↓↓↓
lemma newton_leftmost_vertex:
  assumes v1: "(real \<gamma>, real d) extreme_point_of newton_polygon b"
    and v12: "\<gamma> < n2"
    and v_left: "\<forall>v. v extreme_point_of newton_polygon b \<longrightarrow> v \<noteq> (real \<gamma>, real d) \<longrightarrow> fst v \<ge> real n2"
  shows "b \<gamma> d \<noteq> 0" and "b i j \<noteq> 0 \<Longrightarrow> \<gamma> \<le> i"
proof -
  show b\<gamma>d: "b \<gamma> d \<noteq> 0"
    using v1 by (rule extreme_point_newton_polygon_support) auto
  define i0 where "i0 = (LEAST i. \<exists>j. b i j \<noteq> 0)"
  have ex: "\<exists>j. b i0 j \<noteq> 0" unfolding i0_def by (rule LeastI[of _ \<gamma>]) (use b\<gamma>d in auto)
  have i0_le: "i0 \<le> i" if "b i j \<noteq> 0" for i j
    unfolding i0_def by (rule Least_le) (use that in auto)
  define j0 where "j0 = (LEAST j. b i0 j \<noteq> 0)"
  have bj0: "b i0 j0 \<noteq> 0" unfolding j0_def using ex by (rule LeastI_ex)
  have j0_le: "j0 \<le> j" if "b i0 j \<noteq> 0" for j
    unfolding j0_def by (rule Least_le) (use that in auto)
  have "(real i0, real j0) extreme_point_of newton_polygon b"
    unfolding newton_polygon_eq_hull
  proof (rule extreme_point_of_convex_hull_lexmin[where \<phi> = fst and g = snd])
    show "linear (fst :: real \<times> real \<Rightarrow> real)" "linear (snd :: real \<times> real \<Rightarrow> real)"
      using linear_fst_plus_snd[of 0] linear_fst_plus_snd[of 1] by (simp_all add: linear_fst linear_snd)
    show "(real i0, real j0) \<in> newton_region b" using bj0 by (auto simp: mem_newton_region)
    fix u assume "u \<in> newton_region b"
    then obtain i j where ij: "b i j \<noteq> 0" "real i \<le> fst u" "real j \<le> snd u"
      by (auto simp: mem_newton_region)
    with i0_le show "fst (real i0, real j0) \<le> fst u" by force
    assume "fst u = fst (real i0, real j0)"
    with ij i0_le[OF ij(1)] have "i = i0" by simp
    with ij j0_le show "snd (real i0, real j0) \<le> snd u" by force
    assume "snd u = snd (real i0, real j0)"
    with \<open>fst u = _\<close> show "u = (real i0, real j0)" by (simp add: prod_eq_iff)
  qed
  with v_left i0_le[OF b\<gamma>d] v12 have "i0 = \<gamma>" by force
  with i0_le show "b i j \<noteq> 0 \<Longrightarrow> \<gamma> \<le> i" by blast
qed

lemma newton_second_vertex_lower:
  assumes v1: "(real \<gamma>, real d) extreme_point_of newton_polygon b"
    and v2: "(real n2, real m2) extreme_point_of newton_polygon b" and v12: "\<gamma> < n2"
  shows "m2 < d"
proof (rule ccontr)
  assume "\<not> m2 < d"
  moreover have "b \<gamma> d \<noteq> 0" using v1 by (rule extreme_point_newton_polygon_support) auto
  ultimately have "(real n2, real m2) = (real \<gamma>, real d)"
    using extreme_point_newton_polygon_dominated[OF v2] v12 by simp
  with v12 show False by simp
qed

lemma finite_wdeg_le:
  assumes L: "L > 0"
  shows "finite {x. wdeg L x \<le> c}"
proof (rule finite_subset)
  show "{x. wdeg L x \<le> c} \<subseteq> {..nat \<lceil>c\<rceil>} \<times> {..nat \<lceil>c / L\<rceil>}"
  proof
    fix x assume "x \<in> {x. wdeg L x \<le> c}"
    then have x: "real (fst x) + L * real (snd x) \<le> c" by (simp add: wdeg_def)
    then have "real (fst x) \<le> c" "real (snd x) \<le> c / L"
      using L by (auto simp: pos_le_divide_eq mult.commute intro: order_trans[OF _ x])
    then show "x \<in> {..nat \<lceil>c\<rceil>} \<times> {..nat \<lceil>c / L\<rceil>}"
      by (cases x) (auto simp: le_nat_iff le_ceiling_iff)
  qed
qed simp

lemma support_wdeg_lexmin:
  assumes L: "L > 0" and bij: "b i j \<noteq> 0"
  obtains s where "b (fst s) (snd s) \<noteq> 0"
    and "\<And>x. b (fst x) (snd x) \<noteq> 0 \<Longrightarrow> wdeg L s \<le> wdeg L x"
    and "\<And>x. b (fst x) (snd x) \<noteq> 0 \<Longrightarrow> wdeg L x = wdeg L s \<Longrightarrow> fst s \<le> fst x"
proof -
  define c where "c = wdeg L (i, j)"
  define M where "M = {x. b (fst x) (snd x) \<noteq> 0 \<and> wdeg L x \<le> c}"
  have fin: "finite M"
    using finite_wdeg_le[OF L, of c] by (rule finite_subset[rotated]) (auto simp: M_def)
  have ijM: "(i, j) \<in> M" using bij by (simp add: M_def c_def)
  define m where "m = Min (wdeg L ` M)"
  have m_c: "m \<le> c" using fin ijM by (auto simp: m_def c_def intro: Min_le)
  have m_le: "m \<le> wdeg L x" if "b (fst x) (snd x) \<noteq> 0" for x
  proof (cases "x \<in> M")
    case True then show ?thesis using fin by (simp add: m_def)
  next
    case False
    then have "c < wdeg L x" using that by (auto simp: M_def)
    with m_c show ?thesis by simp
  qed
  define M1 where "M1 = {x \<in> M. wdeg L x = m}"
  have "m \<in> wdeg L ` M" unfolding m_def using fin ijM by (intro Min_in) auto
  then have "finite M1" "M1 \<noteq> {}" using fin by (auto simp: M1_def)
  then have "Min (fst ` M1) \<in> fst ` M1" by (intro Min_in) auto
  then obtain s where sM1: "s \<in> M1" and s_min: "fst s = Min (fst ` M1)" by auto
  have ms: "wdeg L s = m" using sM1 by (simp add: M1_def)
  show ?thesis
  proof (rule that[of s])
    show "b (fst s) (snd s) \<noteq> 0" using sM1 by (simp add: M1_def M_def)
    show "wdeg L s \<le> wdeg L x" if "b (fst x) (snd x) \<noteq> 0" for x
      using m_le[OF that] ms by simp
    show "fst s \<le> fst x" if "b (fst x) (snd x) \<noteq> 0" "wdeg L x = wdeg L s" for x
    proof -
      have "x \<in> M1" using that ms m_c by (simp add: M1_def M_def)
      with \<open>finite M1\<close> show ?thesis by (simp add: s_min)
    qed
  qed
qed

lemma newton_polygon_wdeg_min_vertex:
  assumes L: "L > 0" and bij: "b i j \<noteq> 0"
  obtains i' j' where "(real i', real j') extreme_point_of newton_polygon b"
    and "b i' j' \<noteq> 0" and "\<And>i j. b i j \<noteq> 0 \<Longrightarrow> wdeg L (i', j') \<le> wdeg L (i, j)"
proof -
  obtain s where bs: "b (fst s) (snd s) \<noteq> 0"
    and min: "\<And>x. b (fst x) (snd x) \<noteq> 0 \<Longrightarrow> wdeg L s \<le> wdeg L x"
    and tie: "\<And>x. b (fst x) (snd x) \<noteq> 0 \<Longrightarrow> wdeg L x = wdeg L s \<Longrightarrow> fst s \<le> fst x"
    by (rule support_wdeg_lexmin[of L b, OF L bij]) (rule that)
  show ?thesis
  proof (rule that[of "fst s" "snd s"])
    show "b (fst s) (snd s) \<noteq> 0" by (rule bs)
    show "wdeg L (fst s, snd s) \<le> wdeg L (i', j')" if "b i' j' \<noteq> 0" for i' j'
      using min[of "(i', j')"] that by simp
    show "(real (fst s), real (snd s)) extreme_point_of newton_polygon b"
      unfolding newton_polygon_eq_hull
    proof (rule extreme_point_of_convex_hull_lexmin[OF linear_fst_plus_snd[of L], where g = fst])
      show "linear (fst :: real \<times> real \<Rightarrow> real)"
        using linear_fst_plus_snd[of 0] by simp
      show "(real (fst s), real (snd s)) \<in> newton_region b" using bs by (auto simp: mem_newton_region)
      fix u assume "u \<in> newton_region b"
      then obtain i' j' where ij: "b i' j' \<noteq> 0" "real i' \<le> fst u" "real j' \<le> snd u"
        by (auto simp: mem_newton_region)
      have ps: "wdeg L (i', j') \<le> fst u + L * snd u"
        using ij L unfolding wdeg_def by (simp add: add_mono mult_left_mono)
      have mij: "wdeg L s \<le> wdeg L (i', j')" using min[of "(i', j')"] ij by simp
      show "fst (real (fst s), real (snd s)) + L * snd (real (fst s), real (snd s)) \<le> fst u + L * snd u"
        using mij ps by (simp add: wdeg_def)
      assume eq: "fst u + L * snd u = fst (real (fst s), real (snd s)) + L * snd (real (fst s), real (snd s))"
      then have "fst u + L * snd u = wdeg L s" by (simp add: wdeg_def)
      with mij ps have m_eq: "wdeg L (i', j') = wdeg L s" by linarith
      have "0 \<le> fst u - real i'" "0 \<le> L * (snd u - real j')" using ij L by auto
      moreover have "(fst u - real i') + L * (snd u - real j') = 0"
        using m_eq \<open>fst u + L * snd u = wdeg L s\<close> by (simp add: wdeg_def algebra_simps)
      ultimately have "fst u = real i'" "L * (snd u - real j') = 0" by linarith+
      then have u: "fst u = real i'" "snd u = real j'" using L by auto
      show "fst (real (fst s), real (snd s)) \<le> fst u" using tie[of "(i', j')"] ij m_eq u by simp
      assume "fst u = fst (real (fst s), real (snd s))"
      with u eq L show "u = (real (fst s), real (snd s))" by (simp add: prod_eq_iff)
    qed
  qed
qed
↑↑↑
For this exercise, please output exactly the lines above starting at the line with "then obtain i j" and ending at the line with "proof (rule ccontr)", ends included.

    then obtain i j where ij: "b i j \<noteq> 0" "real i \<le> fst u" "real j \<le> snd u"
      by (auto simp: mem_newton_region)
    with i0_le show "fst (real i0, real j0) \<le> fst u" by force
    assume "fst u = fst (real i0, real j0)"
    with ij i0_le[OF ij(1)] have "i = i0" by simp
    with ij j0_le show "snd (real i0, real j0) \<le> snd u" by force
    assume "snd u = snd (real i0, real j0)"
    with \<open>fst u = _\<close> show "u = (real i0, real j0)" by (simp add: prod_eq_iff)
  qed
  with v_left i0_le[OF b\<gamma>d] v12 have "i0 = \<gamma>" by force
  with i0_le show "b i j \<noteq> 0 \<Longrightarrow> \<gamma> \<le> i" by blast
qed

lemma newton_second_vertex_lower:
  assumes v1: "(real \<gamma>, real d) extreme_point_of newton_polygon b"
    and v2: "(real n2, real m2) extreme_point_of newton_polygon b" and v12: "\<gamma> < n2"
  shows "m2 < d"
proof (rule ccontr)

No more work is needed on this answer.